[Stored data entries]

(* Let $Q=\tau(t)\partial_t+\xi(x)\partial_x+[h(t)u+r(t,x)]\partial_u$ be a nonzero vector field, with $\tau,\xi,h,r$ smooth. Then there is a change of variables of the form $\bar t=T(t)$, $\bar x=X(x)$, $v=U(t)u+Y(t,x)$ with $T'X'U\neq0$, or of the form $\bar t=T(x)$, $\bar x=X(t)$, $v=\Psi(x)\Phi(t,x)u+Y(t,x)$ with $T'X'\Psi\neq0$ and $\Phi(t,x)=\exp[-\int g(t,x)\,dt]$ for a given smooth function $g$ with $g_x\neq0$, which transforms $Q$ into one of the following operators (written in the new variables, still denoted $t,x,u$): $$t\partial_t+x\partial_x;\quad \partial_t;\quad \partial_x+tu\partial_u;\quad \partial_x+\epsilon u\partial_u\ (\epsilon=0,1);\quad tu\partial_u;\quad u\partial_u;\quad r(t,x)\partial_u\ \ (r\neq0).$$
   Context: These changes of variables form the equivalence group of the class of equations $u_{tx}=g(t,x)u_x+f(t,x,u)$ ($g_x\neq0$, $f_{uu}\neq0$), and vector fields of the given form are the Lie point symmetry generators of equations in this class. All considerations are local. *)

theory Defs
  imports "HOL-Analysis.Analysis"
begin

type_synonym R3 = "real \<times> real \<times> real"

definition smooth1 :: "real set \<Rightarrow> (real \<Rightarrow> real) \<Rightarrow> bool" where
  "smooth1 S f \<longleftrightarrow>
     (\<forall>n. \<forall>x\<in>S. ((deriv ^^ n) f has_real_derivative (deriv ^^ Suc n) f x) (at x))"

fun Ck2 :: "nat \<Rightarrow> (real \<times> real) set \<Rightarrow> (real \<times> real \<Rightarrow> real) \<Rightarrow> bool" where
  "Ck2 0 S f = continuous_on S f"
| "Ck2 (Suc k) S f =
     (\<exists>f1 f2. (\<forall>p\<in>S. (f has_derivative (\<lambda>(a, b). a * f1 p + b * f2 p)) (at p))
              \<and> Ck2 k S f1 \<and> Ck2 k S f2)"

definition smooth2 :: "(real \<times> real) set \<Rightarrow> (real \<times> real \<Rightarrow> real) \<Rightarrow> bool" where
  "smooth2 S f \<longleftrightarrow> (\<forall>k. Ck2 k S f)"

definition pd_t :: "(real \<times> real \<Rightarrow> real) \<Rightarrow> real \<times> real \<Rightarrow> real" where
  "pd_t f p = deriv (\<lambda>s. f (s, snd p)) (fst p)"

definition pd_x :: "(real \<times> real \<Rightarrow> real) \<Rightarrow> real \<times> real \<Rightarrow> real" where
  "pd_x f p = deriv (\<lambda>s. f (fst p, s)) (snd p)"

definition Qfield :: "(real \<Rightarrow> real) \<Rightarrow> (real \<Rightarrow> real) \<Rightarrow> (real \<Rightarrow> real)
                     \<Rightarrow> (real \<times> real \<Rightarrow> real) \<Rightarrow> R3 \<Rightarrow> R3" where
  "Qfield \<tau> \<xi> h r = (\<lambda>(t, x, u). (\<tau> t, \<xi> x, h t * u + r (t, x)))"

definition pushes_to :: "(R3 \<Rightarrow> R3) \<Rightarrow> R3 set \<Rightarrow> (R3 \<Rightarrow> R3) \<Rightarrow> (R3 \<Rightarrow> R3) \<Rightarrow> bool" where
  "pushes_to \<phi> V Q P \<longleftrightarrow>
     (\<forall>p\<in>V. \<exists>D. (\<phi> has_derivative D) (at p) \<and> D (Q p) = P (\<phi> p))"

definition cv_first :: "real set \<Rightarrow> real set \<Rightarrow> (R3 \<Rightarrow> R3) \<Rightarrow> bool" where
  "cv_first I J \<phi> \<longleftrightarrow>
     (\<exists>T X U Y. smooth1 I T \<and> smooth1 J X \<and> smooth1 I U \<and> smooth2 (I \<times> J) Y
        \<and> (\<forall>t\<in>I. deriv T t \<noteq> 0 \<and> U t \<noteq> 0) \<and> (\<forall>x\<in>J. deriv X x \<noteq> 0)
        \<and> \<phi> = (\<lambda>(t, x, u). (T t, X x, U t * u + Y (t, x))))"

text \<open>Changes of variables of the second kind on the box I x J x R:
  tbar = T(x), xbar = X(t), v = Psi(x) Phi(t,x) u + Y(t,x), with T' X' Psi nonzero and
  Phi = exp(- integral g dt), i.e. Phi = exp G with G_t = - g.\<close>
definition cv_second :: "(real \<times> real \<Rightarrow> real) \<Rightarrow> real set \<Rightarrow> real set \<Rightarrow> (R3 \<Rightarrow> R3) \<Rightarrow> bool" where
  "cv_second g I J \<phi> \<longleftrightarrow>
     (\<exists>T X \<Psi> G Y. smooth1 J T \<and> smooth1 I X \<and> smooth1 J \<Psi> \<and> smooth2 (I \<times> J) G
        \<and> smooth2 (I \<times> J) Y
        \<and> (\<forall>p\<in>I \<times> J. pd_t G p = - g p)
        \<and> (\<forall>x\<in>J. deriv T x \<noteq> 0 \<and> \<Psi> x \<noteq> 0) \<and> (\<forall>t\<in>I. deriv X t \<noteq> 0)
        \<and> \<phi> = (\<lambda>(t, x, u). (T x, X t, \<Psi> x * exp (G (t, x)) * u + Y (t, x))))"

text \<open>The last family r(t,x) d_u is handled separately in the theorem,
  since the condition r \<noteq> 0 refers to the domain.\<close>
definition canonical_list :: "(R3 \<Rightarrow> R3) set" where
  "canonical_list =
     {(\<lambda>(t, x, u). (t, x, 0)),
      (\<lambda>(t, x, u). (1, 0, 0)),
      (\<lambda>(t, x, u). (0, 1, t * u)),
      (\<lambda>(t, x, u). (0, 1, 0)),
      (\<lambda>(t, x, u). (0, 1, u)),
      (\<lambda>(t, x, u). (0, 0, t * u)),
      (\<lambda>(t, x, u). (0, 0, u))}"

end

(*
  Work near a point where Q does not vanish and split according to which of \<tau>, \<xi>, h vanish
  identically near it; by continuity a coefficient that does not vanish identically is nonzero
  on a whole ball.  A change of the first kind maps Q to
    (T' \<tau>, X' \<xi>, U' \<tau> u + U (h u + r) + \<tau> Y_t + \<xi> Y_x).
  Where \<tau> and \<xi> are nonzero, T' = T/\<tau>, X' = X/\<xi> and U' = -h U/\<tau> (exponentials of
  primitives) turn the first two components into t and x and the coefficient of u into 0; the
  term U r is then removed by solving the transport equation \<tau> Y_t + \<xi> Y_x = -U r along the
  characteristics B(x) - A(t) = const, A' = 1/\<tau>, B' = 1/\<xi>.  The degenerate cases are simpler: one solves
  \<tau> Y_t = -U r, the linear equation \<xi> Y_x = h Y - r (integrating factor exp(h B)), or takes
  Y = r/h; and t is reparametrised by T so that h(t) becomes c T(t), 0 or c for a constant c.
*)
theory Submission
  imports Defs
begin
...
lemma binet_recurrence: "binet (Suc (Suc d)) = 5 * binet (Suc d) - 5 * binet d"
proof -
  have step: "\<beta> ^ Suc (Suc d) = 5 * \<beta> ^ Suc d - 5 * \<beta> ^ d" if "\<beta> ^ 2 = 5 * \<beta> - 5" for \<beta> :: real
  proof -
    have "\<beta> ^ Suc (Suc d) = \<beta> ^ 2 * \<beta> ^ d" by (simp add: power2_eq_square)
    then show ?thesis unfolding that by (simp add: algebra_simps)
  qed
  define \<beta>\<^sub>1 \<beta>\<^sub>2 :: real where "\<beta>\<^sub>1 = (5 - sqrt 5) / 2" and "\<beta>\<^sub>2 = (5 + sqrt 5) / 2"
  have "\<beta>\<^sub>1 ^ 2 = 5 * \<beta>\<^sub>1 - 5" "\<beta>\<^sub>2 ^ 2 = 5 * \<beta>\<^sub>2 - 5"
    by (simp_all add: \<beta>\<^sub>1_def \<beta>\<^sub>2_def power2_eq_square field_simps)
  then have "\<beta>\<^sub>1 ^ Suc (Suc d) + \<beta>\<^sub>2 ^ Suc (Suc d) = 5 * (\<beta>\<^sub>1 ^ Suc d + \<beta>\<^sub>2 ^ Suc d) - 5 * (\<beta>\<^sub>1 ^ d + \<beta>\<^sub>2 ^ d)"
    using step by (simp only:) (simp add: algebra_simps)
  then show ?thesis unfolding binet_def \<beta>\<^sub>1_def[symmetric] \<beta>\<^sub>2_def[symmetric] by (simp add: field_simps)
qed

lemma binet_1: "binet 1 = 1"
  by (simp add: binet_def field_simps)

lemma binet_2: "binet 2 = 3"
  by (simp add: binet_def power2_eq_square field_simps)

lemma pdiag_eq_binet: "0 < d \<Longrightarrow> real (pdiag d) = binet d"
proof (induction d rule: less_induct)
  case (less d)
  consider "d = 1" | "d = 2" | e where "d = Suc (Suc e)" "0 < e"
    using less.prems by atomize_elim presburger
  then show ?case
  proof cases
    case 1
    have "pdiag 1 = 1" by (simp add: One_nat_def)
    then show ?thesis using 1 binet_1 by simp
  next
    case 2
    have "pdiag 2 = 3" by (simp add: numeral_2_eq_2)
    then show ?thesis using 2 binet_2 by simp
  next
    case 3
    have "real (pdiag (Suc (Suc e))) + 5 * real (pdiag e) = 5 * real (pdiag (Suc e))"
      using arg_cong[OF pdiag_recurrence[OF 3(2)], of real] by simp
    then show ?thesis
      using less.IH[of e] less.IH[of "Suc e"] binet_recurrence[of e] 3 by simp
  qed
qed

- [WORK TO BE COMPLETED]: Only the lines above starting at the one containing "5 * \<beta>\<^sub>1" and ending at the one containing "(simp add: numeral_2_eq_2)", both included, are to be returned, exactly as they read.

- [RESPONSE TO THE TASK]:
  have "\<beta>\<^sub>1 ^ 2 = 5 * \<beta>\<^sub>1 - 5" "\<beta>\<^sub>2 ^ 2 = 5 * \<beta>\<^sub>2 - 5"
    by (simp_all add: \<beta>\<^sub>1_def \<beta>\<^sub>2_def power2_eq_square field_simps)
  then have "\<beta>\<^sub>1 ^ Suc (Suc d) + \<beta>\<^sub>2 ^ Suc (Suc d) = 5 * (\<beta>\<^sub>1 ^ Suc d + \<beta>\<^sub>2 ^ Suc d) - 5 * (\<beta>\<^sub>1 ^ d + \<beta>\<^sub>2 ^ d)"
    using step by (simp only:) (simp add: algebra_simps)
  then show ?thesis unfolding binet_def \<beta>\<^sub>1_def[symmetric] \<beta>\<^sub>2_def[symmetric] by (simp add: field_simps)
qed

lemma binet_1: "binet 1 = 1"
  by (simp add: binet_def field_simps)

lemma binet_2: "binet 2 = 3"
  by (simp add: binet_def power2_eq_square field_simps)

lemma pdiag_eq_binet: "0 < d \<Longrightarrow> real (pdiag d) = binet d"
proof (induction d rule: less_induct)
  case (less d)
  consider "d = 1" | "d = 2" | e where "d = Suc (Suc e)" "0 < e"
    using less.prems by atomize_elim presburger
  then show ?case
  proof cases
    case 1
    have "pdiag 1 = 1" by (simp add: One_nat_def)
    then show ?thesis using 1 binet_1 by simp
  next
    case 2
    have "pdiag 2 = 3" by (simp add: numeral_2_eq_2)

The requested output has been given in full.